----- Records to process -----

lemma char_poly_orthonormal_eigenbasis:
  assumes A: "A \<in> carrier_mat n n"
    and orthonormal: "\<forall>k<n. \<forall>l<n. vdot n (v k) (v l) = (if k = l then 1 else 0)"
    and eigen: "\<forall>k<n. \<forall>i<n. mat_app n A (v k) i = d k * v k i"
  shows "char_poly A = (\<Prod>a\<leftarrow>map d [0..<n]. [:- a, 1:])"
proof -
  define P where "P = mat n n (\<lambda>(i, k). v k i)"
  define D where "D = mat n n (\<lambda>(i, j). if i = j then d i else 0)"
  have P: "P \<in> carrier_mat n n" "P\<^sup>T \<in> carrier_mat n n" and D: "D \<in> carrier_mat n n"
    unfolding P_def D_def by auto
  have PtP: "P\<^sup>T * P = 1\<^sub>m n"
    by (rule eq_matI)
      (use orthonormal in \<open>auto simp: P_def scalar_prod_def vdot_def atLeast0LessThan\<close>)
  have AP: "A * P = P * D"
  proof (rule eq_matI)
    fix i k assume ik: "i < dim_row (P * D)" "k < dim_col (P * D)"
    have "(A * P) $$ (i, k) = mat_app n A (v k) i"
      using ik A unfolding P_def D_def mat_app_def by (simp add: scalar_prod_def atLeast0LessThan)
    also have "\<dots> = v k i * d k" using eigen ik P D by auto
    also have "\<dots> = (P * D) $$ (i, k)"
      using ik P D unfolding P_def D_def
      by (simp add: scalar_prod_def if_distrib[of "\<lambda>x. v _ i * x"] sum.delta cong: if_cong)
    finally show "(A * P) $$ (i, k) = (P * D) $$ (i, k)" .
  qed (use A P D in auto)
  have "A = A * (P * P\<^sup>T)" using A mat_mult_left_right_inverse[OF P(2,1) PtP] by simp
  also have "\<dots> = P * D * P\<^sup>T" using A P by (simp add: assoc_mult_mat[symmetric] AP)
  finally have "similar_mat_wit A D P P\<^sup>T"
    unfolding similar_mat_wit_def
    using A P D PtP mat_mult_left_right_inverse[OF P(2,1) PtP] by (auto simp: Let_def)
  then have "char_poly A = char_poly D" by (intro char_poly_similar) (auto simp: similar_mat_def)
  also have "\<dots> = (\<Prod>a\<leftarrow>diag_mat D. [:- a, 1:])"
    by (rule char_poly_upper_triangular[OF D]) (auto simp: D_def)
  also have "diag_mat D = map d [0..<n]" unfolding diag_mat_def D_def by auto
  finally show ?thesis .
qed

lemma proots_prod_linear_factors: "proots (\<Prod>a\<leftarrow>xs. [:- a, 1:]) = mset (xs :: real list)"
proof (induction xs)
  case Nil
  then show ?case by simp
next
  case (Cons a xs)
  have "proots ([:- a, 1:] * (\<Prod>a\<leftarrow>xs. [:- a, 1:])) = proots [:- a, 1:] + proots (\<Prod>a\<leftarrow>xs. [:- a, 1:])"
    by (rule proots_mult) (auto simp: prod_list_zero_iff)
  then show ?case using Cons.IH by (simp add: proots_linear_factor)
qed

lemma lambda_k_variational_eigenbasis:
  assumes A: "A \<in> carrier_mat n n" and basis: "variational_eigenbasis n A n v d"
    and k: "1 \<le> k" "k \<le> n"
  shows "lambda_k A k = d (n - k)"
proof -
  have "char_poly A = (\<Prod>a\<leftarrow>map d [0..<n]. [:- a, 1:])"
    using char_poly_orthonormal_eigenbasis[OF A] basis unfolding variational_eigenbasis_def by blast
  then have roots: "proots (char_poly A) = mset (map d [0..<n])"
    by (simp only: proots_prod_linear_factors)
  have "sorted (map d [0..<n])"
    using variational_eigenbasis_mono[OF basis] by (auto simp: sorted_iff_nth_mono)
  then have "sorted_list_of_multiset (proots (char_poly A)) = map d [0..<n]"
    unfolding roots sorted_list_of_multiset_mset by (rule sorted_sort_id)
  then have "eigenvalues_desc A = rev (map d [0..<n])"
    unfolding eigenvalues_desc_def by simp
  then show ?thesis using k unfolding lambda_k_def by (simp add: rev_nth)
qed

lemma courant_fischer_second_smallest_le:
  assumes A: "A \<in> carrier_mat n n" "A\<^sup>T = A" and n: "2 \<le> n"
    and orthonormal: "vdot n u u = 1" "vdot n w w = 1" "vdot n u w = 0"
    and bound: "\<And>a b. qform n A (\<lambda>i. a * u i + b * w i)
                  \<le> c * vdot n (\<lambda>i. a * u i + b * w i) (\<lambda>i. a * u i + b * w i)"
  shows "lambda_k A (n - 1) \<le> c"
proof -
  obtain v d where basis: "variational_eigenbasis n A n v d"
    using variational_eigenbasis_exists[OF A] by blast
  define \<alpha> where "\<alpha> = vdot n u (v 0)"
  define \<beta> where "\<beta> = vdot n w (v 0)"
  obtain a b where ab: "a * \<alpha> + b * \<beta> = 0" "0 < a\<^sup>2 + b\<^sup>2"
  proof (cases "\<alpha> = 0 \<and> \<beta> = 0")
    case True
    then show ?thesis using that[of 1 0] by simp
  next
    case False
    then show ?thesis using that[of \<beta> "- \<alpha>"] by (auto simp: algebra_simps sum_power2_gt_zero_iff)
  qed
  define x where "x = (\<lambda>i. a * u i + b * w i)"
  have norm_x: "vdot n x x = a\<^sup>2 + b\<^sup>2"
    unfolding x_def vdot_lincomb_left vdot_lincomb_right orthonormal vdot_commute[of n w u]
    by (simp add: power2_eq_square)
  have "\<forall>j<1. vdot n x (v j) = 0" using ab(1) unfolding x_def vdot_lincomb_left \<alpha>_def \<beta>_def by simp
  then have "d 1 * vdot n x x \<le> qform n A x"
    using variational_eigenbasis_min[OF basis, of 1 x] n by auto
  also have "\<dots> \<le> c * vdot n x x" unfolding x_def by (rule bound)
  finally have "d 1 \<le> c" using ab(2) norm_x by simp
  moreover have "lambda_k A (n - 1) = d 1"
    using lambda_k_variational_eigenbasis[OF A(1) basis, of "n - 1"] n by simp
  ultimately show ?thesis by simp
qed
(* Let $r\ge1$ and let $\mathrm{LP}_r(t)$ be the real linear program obtained from $\mathrm{LP}_r$ (described in the context) by substituting a real number $t$ for the parameter. Let $\mathcal C_t(\lambda)$ denote the point with parameter $\mu=t^\lambda$ of the primal-dual central path of $\mathrm{LP}_r(t)$ and its dual. Then $$\liminf_{t\to+\infty}\kappa(\mathcal C_t,[0,2])\ \ge\ (2^{r-1}-1)\frac{\pi}{2}.$$ The same bound holds for the primal central path $\lambda\mapsto(x,w)$-component of $\mathcal C_t(\lambda)$. In particular, the total curvatures of the whole primal-dual central path and of the whole primal central path of $\mathrm{LP}_r(t)$ have limit inferior at least $(2^{r-1}-1)\pi/2$ as $t\to+\infty$.
   Context: $\mathrm{LP}_r(t)$ is a linear program with $3r+4$ inequalities in dimension $2r+2$. In equality form, its decision variables are $x=(u_0,v_0,\dots,u_r,v_r)\in\mathbb R^{2r+2}$ and its slack variables are $w=(z_0,h_0,z_1,z'_1,h_1,\dots,z_r,z'_r,h_r)\in\mathbb R^{3r+2}$, all $\ge0$. The problem is: minimize $v_0$ subject to - $u_0+z_0=t$ and $v_0+h_0=t^2$; - for $1\le i\le r$: $u_i+z_i=tu_{i-1}$, $u_i+z'_i=tv_{i-1}$, and $v_i+h_i=t^{1-2^{-i}}(u_{i-1}+v_{i-1})$. Writing this as: minimize $c^Tx$ subject to $Ax+w=b$, $x,w\ge0$, with dual: maximize $-b^Ty$ subject to $-A^Ty+s=c$, $y,s\ge0$. Both are strictly feasible for large $t$. The central path point with parameter $\mu>0$ is the unique solution $(x,w,y,s)$ of $Ax+w=b$, $-A^Ty+s=c$, $w_iy_i=x_js_j=\mu$ for all $i,j$, $x,w,y,s>0$. Total curvature: for a polygonal curve, it is the sum of the angles between consecutive segments, where the angle between segments $UV$ and $VW$ is the angle in $[0,\pi]$ between the vectors $V-U$ and $W-V$. For a curve $\sigma:[a,b]\to\mathbb R^p$, $\kappa(\sigma,[a,b])$ is the supremum of the total curvatures of polygonal curves with vertices $\sigma(\tau_0),\dots,\sigma(\tau_N)$, $a\le\tau_0<\dots<\tau_N\le b$. *)

theory Defs
  imports "HOL-Analysis.Analysis"
begin

section \<open>Vectors of R^p as functions nat => real (coordinates 0..p-1)\<close>

definition dotp :: "nat \<Rightarrow> (nat \<Rightarrow> real) \<Rightarrow> (nat \<Rightarrow> real) \<Rightarrow> real" where
  "dotp p u v = (\<Sum>i<p. u i * v i)"

definition normp :: "nat \<Rightarrow> (nat \<Rightarrow> real) \<Rightarrow> real" where
  "normp p u = sqrt (dotp p u u)"

definition vang :: "nat \<Rightarrow> (nat \<Rightarrow> real) \<Rightarrow> (nat \<Rightarrow> real) \<Rightarrow> real" where
  "vang p u v = (if normp p u = 0 \<or> normp p v = 0 then 0
                 else arccos (dotp p u v / (normp p u * normp p v)))"

definition poly_curv :: "nat \<Rightarrow> (nat \<Rightarrow> nat \<Rightarrow> real) \<Rightarrow> nat \<Rightarrow> real" where
  "poly_curv p P N = (\<Sum>k\<in>{1..<N}. vang p (P k - P (k - 1)) (P (k + 1) - P k))"

definition total_curvature :: "nat \<Rightarrow> (real \<Rightarrow> nat \<Rightarrow> real) \<Rightarrow> real set \<Rightarrow> ereal" where
  "total_curvature p \<sigma> S =
     (SUP (N, \<tau>) \<in> {(N, \<tau>). strict_mono_on {..N} \<tau> \<and> \<tau> ` {..N} \<subseteq> S}.
        ereal (poly_curv p (\<lambda>k. \<sigma> (\<tau> k)) N))"

text \<open>Primal variables x (index j < 2r+2): u_i = x (2i), v_i = x (2i+1).
  Slack variables / constraint rows (index k < 3r+2): z_0 = w 0, h_0 = w 1, and for 1 <= i <= r:
  z_i = w (3i-1), z'_i = w (3i), h_i = w (3i+1).\<close>

definition nvar :: "nat \<Rightarrow> nat" where "nvar r = 2 * r + 2"
definition ncon :: "nat \<Rightarrow> nat" where "ncon r = 3 * r + 2"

-----

Only one stretch is wanted, so please give again exactly the lines from the start of the data through the line containing "define P where", both ends included.

— Answer area —
lemma char_poly_orthonormal_eigenbasis:
  assumes A: "A \<in> carrier_mat n n"
    and orthonormal: "\<forall>k<n. \<forall>l<n. vdot n (v k) (v l) = (if k = l then 1 else 0)"
    and eigen: "\<forall>k<n. \<forall>i<n. mat_app n A (v k) i = d k * v k i"
  shows "char_poly A = (\<Prod>a\<leftarrow>map d [0..<n]. [:- a, 1:])"
proof -
  define P where "P = mat n n (\<lambda>(i, k). v k i)"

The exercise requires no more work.